INPUT:
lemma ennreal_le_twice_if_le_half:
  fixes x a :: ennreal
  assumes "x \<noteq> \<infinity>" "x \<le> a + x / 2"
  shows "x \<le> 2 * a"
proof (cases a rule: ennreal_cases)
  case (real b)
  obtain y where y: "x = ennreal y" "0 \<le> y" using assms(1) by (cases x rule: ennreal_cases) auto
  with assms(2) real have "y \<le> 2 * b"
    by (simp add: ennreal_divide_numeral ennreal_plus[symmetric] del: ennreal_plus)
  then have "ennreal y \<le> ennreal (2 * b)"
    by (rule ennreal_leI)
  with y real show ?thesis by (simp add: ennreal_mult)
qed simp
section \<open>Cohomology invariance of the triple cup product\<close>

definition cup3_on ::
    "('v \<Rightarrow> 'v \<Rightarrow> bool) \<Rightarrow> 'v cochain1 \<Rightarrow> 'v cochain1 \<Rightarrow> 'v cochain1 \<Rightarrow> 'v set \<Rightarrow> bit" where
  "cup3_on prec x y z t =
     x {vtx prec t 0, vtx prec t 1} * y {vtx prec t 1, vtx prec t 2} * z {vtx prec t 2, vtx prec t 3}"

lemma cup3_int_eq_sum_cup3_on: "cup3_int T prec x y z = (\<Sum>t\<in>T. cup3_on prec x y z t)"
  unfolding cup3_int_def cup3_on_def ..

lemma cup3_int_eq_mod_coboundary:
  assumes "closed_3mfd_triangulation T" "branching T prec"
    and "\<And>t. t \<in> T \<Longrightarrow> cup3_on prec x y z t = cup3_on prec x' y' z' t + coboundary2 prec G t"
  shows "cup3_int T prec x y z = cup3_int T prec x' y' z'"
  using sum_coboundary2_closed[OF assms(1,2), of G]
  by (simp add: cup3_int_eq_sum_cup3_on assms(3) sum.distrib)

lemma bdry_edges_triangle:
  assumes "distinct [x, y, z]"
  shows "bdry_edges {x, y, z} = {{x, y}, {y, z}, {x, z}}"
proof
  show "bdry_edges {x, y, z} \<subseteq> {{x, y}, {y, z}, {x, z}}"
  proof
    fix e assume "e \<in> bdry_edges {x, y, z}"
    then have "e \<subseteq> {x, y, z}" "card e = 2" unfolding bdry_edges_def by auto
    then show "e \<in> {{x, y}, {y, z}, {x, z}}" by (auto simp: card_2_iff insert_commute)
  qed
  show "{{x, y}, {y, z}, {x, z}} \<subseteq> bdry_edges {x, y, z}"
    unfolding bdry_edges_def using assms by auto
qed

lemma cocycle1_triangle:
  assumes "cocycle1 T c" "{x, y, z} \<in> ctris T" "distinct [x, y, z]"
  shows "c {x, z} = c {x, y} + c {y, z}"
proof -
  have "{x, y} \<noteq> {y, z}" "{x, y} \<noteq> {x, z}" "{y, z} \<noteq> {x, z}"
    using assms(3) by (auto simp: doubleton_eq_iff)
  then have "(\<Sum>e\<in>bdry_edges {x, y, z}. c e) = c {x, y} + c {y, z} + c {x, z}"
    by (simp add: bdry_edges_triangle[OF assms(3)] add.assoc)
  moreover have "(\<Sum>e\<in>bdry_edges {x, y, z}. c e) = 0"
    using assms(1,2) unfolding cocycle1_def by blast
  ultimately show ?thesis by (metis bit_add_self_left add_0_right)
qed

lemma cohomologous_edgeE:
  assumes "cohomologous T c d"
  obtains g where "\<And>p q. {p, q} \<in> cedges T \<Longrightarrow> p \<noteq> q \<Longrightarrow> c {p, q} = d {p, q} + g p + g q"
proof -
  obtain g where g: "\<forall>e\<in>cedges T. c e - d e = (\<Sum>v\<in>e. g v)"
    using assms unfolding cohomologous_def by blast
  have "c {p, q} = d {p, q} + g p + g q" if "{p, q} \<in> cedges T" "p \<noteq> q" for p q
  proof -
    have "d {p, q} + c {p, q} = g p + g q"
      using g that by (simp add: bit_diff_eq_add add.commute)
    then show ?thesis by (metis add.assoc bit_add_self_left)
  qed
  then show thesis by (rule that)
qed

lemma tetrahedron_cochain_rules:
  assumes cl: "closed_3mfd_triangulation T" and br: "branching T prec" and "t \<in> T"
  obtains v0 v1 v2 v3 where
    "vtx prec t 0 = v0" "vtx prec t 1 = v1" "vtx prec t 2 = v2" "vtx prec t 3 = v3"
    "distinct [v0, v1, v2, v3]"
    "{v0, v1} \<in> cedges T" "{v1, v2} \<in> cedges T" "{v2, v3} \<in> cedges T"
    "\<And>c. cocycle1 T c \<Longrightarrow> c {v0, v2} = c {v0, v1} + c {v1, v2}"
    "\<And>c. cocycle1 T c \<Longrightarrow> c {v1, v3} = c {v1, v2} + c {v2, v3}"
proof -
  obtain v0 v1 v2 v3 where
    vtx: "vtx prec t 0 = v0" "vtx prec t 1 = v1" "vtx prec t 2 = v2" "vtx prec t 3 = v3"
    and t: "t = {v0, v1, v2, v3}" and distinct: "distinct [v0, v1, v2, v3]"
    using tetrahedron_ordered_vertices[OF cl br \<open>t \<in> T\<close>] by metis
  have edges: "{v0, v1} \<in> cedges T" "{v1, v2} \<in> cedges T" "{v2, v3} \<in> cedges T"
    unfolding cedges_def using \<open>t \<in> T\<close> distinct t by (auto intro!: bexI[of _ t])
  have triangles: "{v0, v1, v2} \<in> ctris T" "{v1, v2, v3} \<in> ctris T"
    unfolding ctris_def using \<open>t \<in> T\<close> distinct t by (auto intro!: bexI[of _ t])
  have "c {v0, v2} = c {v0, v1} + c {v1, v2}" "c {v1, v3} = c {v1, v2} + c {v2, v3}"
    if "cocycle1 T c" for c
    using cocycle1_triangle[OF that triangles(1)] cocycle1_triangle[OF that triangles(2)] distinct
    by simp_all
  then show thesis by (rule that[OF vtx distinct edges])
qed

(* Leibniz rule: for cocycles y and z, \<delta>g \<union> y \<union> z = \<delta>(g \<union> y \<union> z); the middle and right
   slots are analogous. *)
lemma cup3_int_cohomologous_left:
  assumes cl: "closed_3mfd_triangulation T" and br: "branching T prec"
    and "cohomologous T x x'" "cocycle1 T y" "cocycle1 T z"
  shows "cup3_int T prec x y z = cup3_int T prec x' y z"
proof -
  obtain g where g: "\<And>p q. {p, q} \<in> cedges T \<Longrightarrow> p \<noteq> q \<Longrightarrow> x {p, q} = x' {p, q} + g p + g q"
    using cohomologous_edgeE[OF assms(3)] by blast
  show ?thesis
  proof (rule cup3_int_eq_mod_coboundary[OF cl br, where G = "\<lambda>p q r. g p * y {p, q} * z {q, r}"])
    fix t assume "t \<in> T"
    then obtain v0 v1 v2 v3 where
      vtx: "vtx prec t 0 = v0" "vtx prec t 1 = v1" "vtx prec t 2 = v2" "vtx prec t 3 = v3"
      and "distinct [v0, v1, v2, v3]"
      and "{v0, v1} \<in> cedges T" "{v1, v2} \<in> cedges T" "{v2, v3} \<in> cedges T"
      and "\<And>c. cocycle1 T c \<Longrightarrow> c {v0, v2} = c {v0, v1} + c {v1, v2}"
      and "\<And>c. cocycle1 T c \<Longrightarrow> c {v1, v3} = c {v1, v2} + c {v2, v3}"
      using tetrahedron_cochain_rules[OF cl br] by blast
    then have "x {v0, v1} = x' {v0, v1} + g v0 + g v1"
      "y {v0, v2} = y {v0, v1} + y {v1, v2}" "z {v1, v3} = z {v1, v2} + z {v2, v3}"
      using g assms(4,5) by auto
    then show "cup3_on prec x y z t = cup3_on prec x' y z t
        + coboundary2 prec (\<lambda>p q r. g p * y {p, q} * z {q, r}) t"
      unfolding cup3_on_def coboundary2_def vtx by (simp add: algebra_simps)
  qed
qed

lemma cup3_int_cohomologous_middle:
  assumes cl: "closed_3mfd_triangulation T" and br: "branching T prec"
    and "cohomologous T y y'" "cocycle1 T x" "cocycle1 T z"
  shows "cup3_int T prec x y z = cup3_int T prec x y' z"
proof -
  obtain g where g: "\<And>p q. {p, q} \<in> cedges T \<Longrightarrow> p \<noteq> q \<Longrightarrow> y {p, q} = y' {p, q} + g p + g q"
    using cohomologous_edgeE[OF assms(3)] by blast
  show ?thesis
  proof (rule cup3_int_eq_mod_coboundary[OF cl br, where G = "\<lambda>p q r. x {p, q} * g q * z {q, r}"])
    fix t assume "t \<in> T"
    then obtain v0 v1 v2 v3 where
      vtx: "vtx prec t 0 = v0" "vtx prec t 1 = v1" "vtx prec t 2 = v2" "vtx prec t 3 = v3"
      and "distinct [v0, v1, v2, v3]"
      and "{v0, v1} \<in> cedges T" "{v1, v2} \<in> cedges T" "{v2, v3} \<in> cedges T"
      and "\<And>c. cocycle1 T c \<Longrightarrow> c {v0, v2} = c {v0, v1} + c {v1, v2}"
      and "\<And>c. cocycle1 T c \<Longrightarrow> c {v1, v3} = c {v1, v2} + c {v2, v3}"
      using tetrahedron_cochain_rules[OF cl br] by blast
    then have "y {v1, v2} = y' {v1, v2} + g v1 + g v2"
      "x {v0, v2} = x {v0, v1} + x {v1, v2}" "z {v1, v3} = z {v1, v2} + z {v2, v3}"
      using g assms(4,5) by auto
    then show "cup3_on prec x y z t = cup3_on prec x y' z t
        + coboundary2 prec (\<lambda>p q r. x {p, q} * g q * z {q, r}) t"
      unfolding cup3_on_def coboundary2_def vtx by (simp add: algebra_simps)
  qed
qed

THE TASK:
Your answer must consist solely of the lines from the top of the entries above through the line containing "with assms(2) real", copied exactly, both ends included.

EXPECTED ANSWER:
lemma ennreal_le_twice_if_le_half:
  fixes x a :: ennreal
  assumes "x \<noteq> \<infinity>" "x \<le> a + x / 2"
  shows "x \<le> 2 * a"
proof (cases a rule: ennreal_cases)
  case (real b)
  obtain y where y: "x = ennreal y" "0 \<le> y" using assms(1) by (cases x rule: ennreal_cases) auto
  with assms(2) real have "y \<le> 2 * b"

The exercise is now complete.